Friday, 2 March 2012

A Demonstration FOR new development?

Yes, that is what happened yesterday in Frankfurt. Ten thousand demonstrators packed into the Römer - the cities ancient market square - to demonstrate FOR the expansion of Frankfurt International Airport...

Given that we've had months of demonstrations demanding fewer flights, less activity and a reduction of the airport, this is a turn-up for the books. I can't imagine it happening in the UK. As soon as anyone tried to organise it the anti's would turn up the heat and scream them off the streets threatening violence and using intimidating tactics.

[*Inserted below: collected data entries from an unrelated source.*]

text \<open>For a unit vector q in the range of Q with \<tau> = |Pq|, the vector q + Pq/\<tau> has squared norm 2 + 2\<tau>,
  and both of its projections have squared norm at least (1 + \<tau>)^2.\<close>
lemma proj_pair_unit_vector_of_range:
  assumes P: "orth_proj m P" and Q: "orth_proj m Q" and q: "sqnorm m q = 1"
    and Qq: "\<And>i. i < m \<Longrightarrow> act m Q q i = q i" and tpos: "0 < \<tau>" and tsq: "\<tau>\<^sup>2 = sqnorm m (act m P q)"
  shows "\<exists>\<psi>. sqnorm m \<psi> = 1 \<and> 1 + \<tau> \<le> sqnorm m (act m P \<psi>) + sqnorm m (act m Q \<psi>)"
proof -
  define x where "x = act m P q"
  have iqx: "ip m q x = complex_of_real (\<tau>\<^sup>2)" unfolding x_def tsq by (rule proj_ip_act_self[OF P])
  have xsq: "sqnorm m x = \<tau>\<^sup>2" unfolding x_def tsq ..
  define \<beta> where "\<beta> = 1 / \<tau>"
  define \<psi>0 where "\<psi>0 = (\<lambda>i. q i + complex_of_real \<beta> * x i)"
  have n0: "sqnorm m \<psi>0 = 2 + 2 * \<tau>"
  proof -
    have "sqnorm m \<psi>0 = 1 + \<beta>\<^sup>2 * \<tau>\<^sup>2 + 2 * (\<beta> * \<tau>\<^sup>2)"
      unfolding \<psi>0_def sqnorm_add sqnorm_scale_real ip_scale_right iqx q xsq by simp
    also have "\<dots> = 2 + 2 * \<tau>" unfolding \<beta>_def using tpos by (simp add: power2_eq_square field_simps)
    finally show ?thesis .
  qed
  have qP: "sqnorm m (act m P \<psi>0) = (1 + \<tau>)\<^sup>2"
  proof -
    have "sqnorm m (act m P \<psi>0) = sqnorm m (\<lambda>i. complex_of_real (1 + \<beta>) * x i)"
    proof (rule sqnorm_cong)
      fix i assume i: "i < m"
      have "act m P \<psi>0 i = act m P q i + complex_of_real \<beta> * act m P x i"
        unfolding \<psi>0_def act_add act_scale by simp
      also have "act m P x i = x i" unfolding x_def using proj_act_idem[OF P i] .
      finally show "act m P \<psi>0 i = complex_of_real (1 + \<beta>) * x i" unfolding x_def by (simp add: algebra_simps)
    qed
    also have "\<dots> = (1 + \<beta>)\<^sup>2 * \<tau>\<^sup>2" unfolding sqnorm_scale_real xsq ..
    also have "\<dots> = (1 + \<tau>)\<^sup>2" unfolding \<beta>_def using tpos by (simp add: power2_eq_square field_simps)
    finally show ?thesis .
  qed
  have qQ: "(1 + \<tau>)\<^sup>2 \<le> sqnorm m (act m Q \<psi>0)"
  proof -
    have "ip m q (act m Q \<psi>0) = ip m (act m Q q) \<psi>0" by (rule proj_ip_act[OF Q, symmetric])
    also have "\<dots> = ip m q \<psi>0" by (rule ip_cong) (auto simp: Qq)
    also have "\<dots> = complex_of_real (1 + \<tau>)"
      unfolding \<psi>0_def ip_add_right ip_scale_right ip_self q iqx \<beta>_def using tpos by (simp add: power2_eq_square)
    finally have ie: "ip m q (act m Q \<psi>0) = complex_of_real (1 + \<tau>)" .
    have "cmod (complex_of_real (1 + \<tau>)) = 1 + \<tau>" using tpos by (simp only: norm_of_real)
    then show ?thesis using norm_ip_unit_le[OF q, of "act m Q \<psi>0"] unfolding ie by simp
  qed
  define \<gamma> where "\<gamma> = 1 / sqrt (2 + 2 * \<tau>)"
  have g2: "\<gamma>\<^sup>2 = 1 / (2 + 2 * \<tau>)" unfolding \<gamma>_def using tpos by (simp add: power_divide)
  define \<psi> where "\<psi> = (\<lambda>i. complex_of_real \<gamma> * \<psi>0 i)"
  have "sqnorm m \<psi> = 1" unfolding \<psi>_def sqnorm_scale_real n0 g2 using tpos by simp
  moreover have "1 + \<tau> \<le> sqnorm m (act m P \<psi>) + sqnorm m (act m Q \<psi>)"
  proof -
    have "1 + \<tau> = \<gamma>\<^sup>2 * ((1 + \<tau>)\<^sup>2 + (1 + \<tau>)\<^sup>2)"
      unfolding g2 using tpos by (simp add: power2_eq_square field_simps)
    also have "\<dots> \<le> \<gamma>\<^sup>2 * (sqnorm m (act m P \<psi>0) + sqnorm m (act m Q \<psi>0))"
      using qP qQ by (intro mult_left_mono) auto
    also have "\<dots> = sqnorm m (act m P \<psi>) + sqnorm m (act m Q \<psi>)"
      unfolding \<psi>_def act_scale sqnorm_scale_real by (simp add: algebra_simps)
    finally show ?thesis .
  qed
  ultimately show ?thesis by blast
qed

lemma proj_range_unit_vector_approx:
  assumes P: "orth_proj m P" and Q: "orth_proj m Q" and m: "0 < m"
    and t0: "0 \<le> t" and t: "t < op_norm (P * Q)"
  obtains q where "sqnorm m q = 1" "\<And>i. i < m \<Longrightarrow> act m Q q i = q i" "t < sqrt (sqnorm m (act m P q))"
proof -
  obtain w where w: "sqnorm m w = 1" and tl: "t < sqrt (sqnorm m (act m P (act m Q w)))"
    using op_norm_proj_mult(2)[OF P Q m t] by blast
  define u where "u = act m Q w"
  define \<mu> where "\<mu> = sqnorm m (act m P u)"
  have nu1: "sqnorm m u \<le> 1" unfolding u_def using proj_contract[OF Q, of w] w by simp
  have mu_nu: "\<mu> \<le> sqnorm m u" unfolding \<mu>_def by (rule proj_contract[OF P])
  have tmu: "t < sqrt \<mu>" using tl unfolding \<mu>_def u_def .
  then have mu0: "0 < \<mu>" using t0 by (cases "\<mu> = 0") (auto simp: \<mu>_def sqnorm_nonneg less_le)
  then have nu0: "0 < sqnorm m u" using mu_nu by linarith
  define \<alpha> where "\<alpha> = 1 / sqrt (sqnorm m u)"
  define q where "q = (\<lambda>i. complex_of_real \<alpha> * u i)"
  have "sqnorm m q = 1" unfolding q_def sqnorm_scale_real \<alpha>_def using nu0 by (simp add: power_divide)
  moreover have "act m Q q i = q i" if "i < m" for i
    unfolding q_def act_scale u_def using proj_act_idem[OF Q that] by simp
  moreover have "t < sqrt (sqnorm m (act m P q))"
  proof -
    have "\<alpha>\<^sup>2 = 1 / sqnorm m u" unfolding \<alpha>_def using nu0 by (simp add: power_divide)
    then have "1 \<le> \<alpha>\<^sup>2" using nu0 nu1 by simp
    then have "\<mu> \<le> \<alpha>\<^sup>2 * \<mu>" using mu0 by simp
    also have "\<dots> = sqnorm m (act m P q)" unfolding q_def act_scale sqnorm_scale_real \<mu>_def ..
    finally show ?thesis using tmu by (smt (verit) real_sqrt_le_mono)
  qed
  ultimately show ?thesis by (rule that)
qed

lemma proj_pair_unit_vector:
  assumes P: "orth_proj m P" and Q: "orth_proj m Q" and m: "0 < m"
    and t0: "0 \<le> t" and t: "t < op_norm (P * Q)"
  shows "\<exists>\<psi>. sqnorm m \<psi> = 1 \<and> 1 + t \<le> sqnorm m (act m P \<psi>) + sqnorm m (act m Q \<psi>)"
proof -
  obtain q where q: "sqnorm m q = 1" "\<And>i. i < m \<Longrightarrow> act m Q q i = q i"
    and tq: "t < sqrt (sqnorm m (act m P q))"
    using proj_range_unit_vector_approx[OF P Q m t0 t] by blast
  have "0 < sqrt (sqnorm m (act m P q))" using t0 tq by linarith
  then obtain \<psi> where "sqnorm m \<psi> = 1"
      "1 + sqrt (sqnorm m (act m P q)) \<le> sqnorm m (act m P \<psi>) + sqnorm m (act m Q \<psi>)"
    using proj_pair_unit_vector_of_range[OF P Q q, of "sqrt (sqnorm m (act m P q))"] sqnorm_nonneg by auto
  then show ?thesis using tq by (intro exI[of _ \<psi>]) auto
qed

lemma proj_nonzero_unit_vector:
  assumes P: "orth_proj m P" and i: "i < m" and j: "j < m" and nz: "P $$ (i,j) \<noteq> 0"
  shows "\<exists>\<psi>. sqnorm m \<psi> = 1 \<and> sqnorm m (act m P \<psi>) = 1"
proof -
  define x where "x = act m P (\<lambda>k. if k = j then 1 else 0)"
  have "x i = P $$ (i,j)"
  proof -
    have "x i = (\<Sum>c<m. if c = j then P $$ (i,c) else 0)" unfolding x_def act_def by (rule sum.cong) auto
    then show ?thesis using j by simp
  qed
  then have nx: "0 < sqnorm m x" using nz i sqnorm_zero[of m x] sqnorm_nonneg[of m x] by force
  define \<psi> where "\<psi> = (\<lambda>k. complex_of_real (1 / sqrt (sqnorm m x)) * x k)"
  have n1: "sqnorm m \<psi> = 1" unfolding \<psi>_def sqnorm_scale_real using nx by (simp add: power_divide)
  moreover have "sqnorm m (act m P \<psi>) = sqnorm m \<psi>"
  proof (rule sqnorm_cong)
    fix k assume "k < m"
    then show "act m P \<psi> k = \<psi> k" unfolding \<psi>_def act_scale x_def using proj_act_idem[OF P] by simp
  qed
  ultimately show ?thesis by auto
qed

lemma power_half_bound_of_op_norm:
  fixes u :: real
  assumes P: "orth_proj m P" and Q: "orth_proj m Q" and m: "0 < m" and half: "(1/2)^n \<le> u"
    and achieve: "\<And>\<psi>. sqnorm m \<psi> = 1 \<Longrightarrow> ((sqnorm m (act m P \<psi>) + sqnorm m (act m Q \<psi>)) / 2)^n \<le> u"
  shows "((1 + op_norm (P * Q)) / 2)^n \<le> u"
proof -
  define s where "s = op_norm (P * Q)"
  have "0 \<le> s" unfolding s_def by (rule op_norm_proj_mult(1)[OF P Q m])
  show ?thesis
  proof (cases "s = 0")
    case True
    then show ?thesis using half unfolding s_def by simp
  next
    case False
    then have s: "0 < s" using \<open>0 \<le> s\<close> by simp
    have "((\<lambda>t. ((1 + t) / 2)^n) \<longlongrightarrow> ((1 + s) / 2)^n) (at_left s)" by (intro tendsto_intros) auto
    moreover have "\<forall>\<^sub>F t in at_left s. ((1 + t) / 2)^n \<le> u"
      using eventually_at_left_real[OF s]
    proof (rule eventually_mono)
      fix t assume t: "t \<in> {0<..<s}"
      then obtain \<psi> where "sqnorm m \<psi> = 1" "1 + t \<le> sqnorm m (act m P \<psi>) + sqnorm m (act m Q \<psi>)"
        using proj_pair_unit_vector[OF P Q m, of t] unfolding s_def by auto
      moreover have "0 \<le> (1 + t) / 2" using t by simp
      ultimately show "((1 + t) / 2)^n \<le> u"
        using achieve[of \<psi>] power_mono[of "(1 + t) / 2" _ n] by (smt (verit) divide_right_mono)
    qed
    ultimately show ?thesis unfolding s_def
      by (rule tendsto_upperbound) (simp add: trivial_limit_at_left_real)
  qed
qed
(* Let $q$ be a prime, $A$ a group of exponent $q$ and order $q^3$, and $B$ a subgroup of order $q$ of the center $Z(A)$. Suppose $A$ acts by automorphisms on a finite group $G$ of order coprime to $q$ with $G=PH$, where $P$ and $H$ are $A$-invariant subgroups, $P$ is a normal $p$-subgroup of $G$ for a prime $p$, and $H$ is a nilpotent $p'$-subgroup. Let $A_1,\dots,A_{q+1}$ be the subgroups of order $q^2$ of $A$ containing $B$. Then $C_P(B)=\prod_{i=1}^{q+1} C_P(A_i)$ and $C_H(B)=\prod_{i=1}^{q+1} C_H(A_i)$.
   Context: For a group $X$ of automorphisms, $C_P(X)$ denotes the set of elements of $P$ fixed by every element of $X$. The products are products of subgroups (sets of products of elements). *)

theory Defs
  imports "HOL-Algebra.Algebra"
begin

definition group_center :: "('a, 'b) monoid_scheme \<Rightarrow> 'a set" where
  "group_center G = {z \<in> carrier G. \<forall>x \<in> carrier G. z \<otimes>\<^bsub>G\<^esub> x = x \<otimes>\<^bsub>G\<^esub> z}"

definition comm_subgroup :: "('a, 'b) monoid_scheme \<Rightarrow> 'a set \<Rightarrow> 'a set \<Rightarrow> 'a set" where
  "comm_subgroup G K H = generate G (\<Union>k\<in>K. \<Union>h\<in>H.
      {k \<otimes>\<^bsub>G\<^esub> h \<otimes>\<^bsub>G\<^esub> inv\<^bsub>G\<^esub> k \<otimes>\<^bsub>G\<^esub> inv\<^bsub>G\<^esub> h})"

But this one went without a hitch, though the "gegeners" were assembled, a couple of hundred of them, round the Dom chanting "Eenemeenemiste, wir brauchen eine piste; Eenemeenemeck, die menschen müssen weg!" (Translation: Eenymeenyminey, we want to use a piste (ski slope); Eenymeenyheck, the people must all go!") Got to admit, it's a catchy little slogan, but it was out gunned by the assembled workers, trades unions and corporate investors crowding the neighbouring Römerberg who claim the expansion will bring 100,000 jobs to the region.

The interesting things the facts support this.

The problem is that bad planning decisions over the last thirty or forty years have allowed housing estates and villages to be built all around the periphery of the airport and under its flight paths. Fine as long as it was only a few flights a day, but this is an airport that has thirty second intervals between flights landing or taking off - and these planes are a lot bigger than the ones the planners considered. This is one of the problems of the economics of perpetual "growth" in any sector. It has to impact somewhere. Growth means more people, more people means more traffic, more tarmac, more housing, more jobs, more run-off water, more waste ...

Again, there is a different approach to finding a solution here than to what I am used to. The Airport is buying up properties in the worst affected areas and demolishing them, the Local Authorities are paying for the installation of better sound insulation in houses further away. The "gegeners" can't win this one, but at least something is being done to solve their problems.

I have to say that it was certainly novel to see the CEO of Lufthansa, the CEO of the Airport and of another stakeholder in the Airport, plus all the Union bosses (and one of these is currently striking for higher pay for ground staff at the airport) all addressing the protesters and answering their questions as far as possible. When a reporter challenged the Airport CEO demanding to know who had organised the protest and whether his workers were compelled to be there, he invited one of the workers waving a placard to answer it and walked away. The answer was rather forthright and it certainly didn't give the impression the worker considered himself obliged to be there by his boss. He turned out to be one of the striking ground staff!

This has to be the first time I've seen a demonstration FOR change and expansion and it has to be the first time I've seen such an orderly one.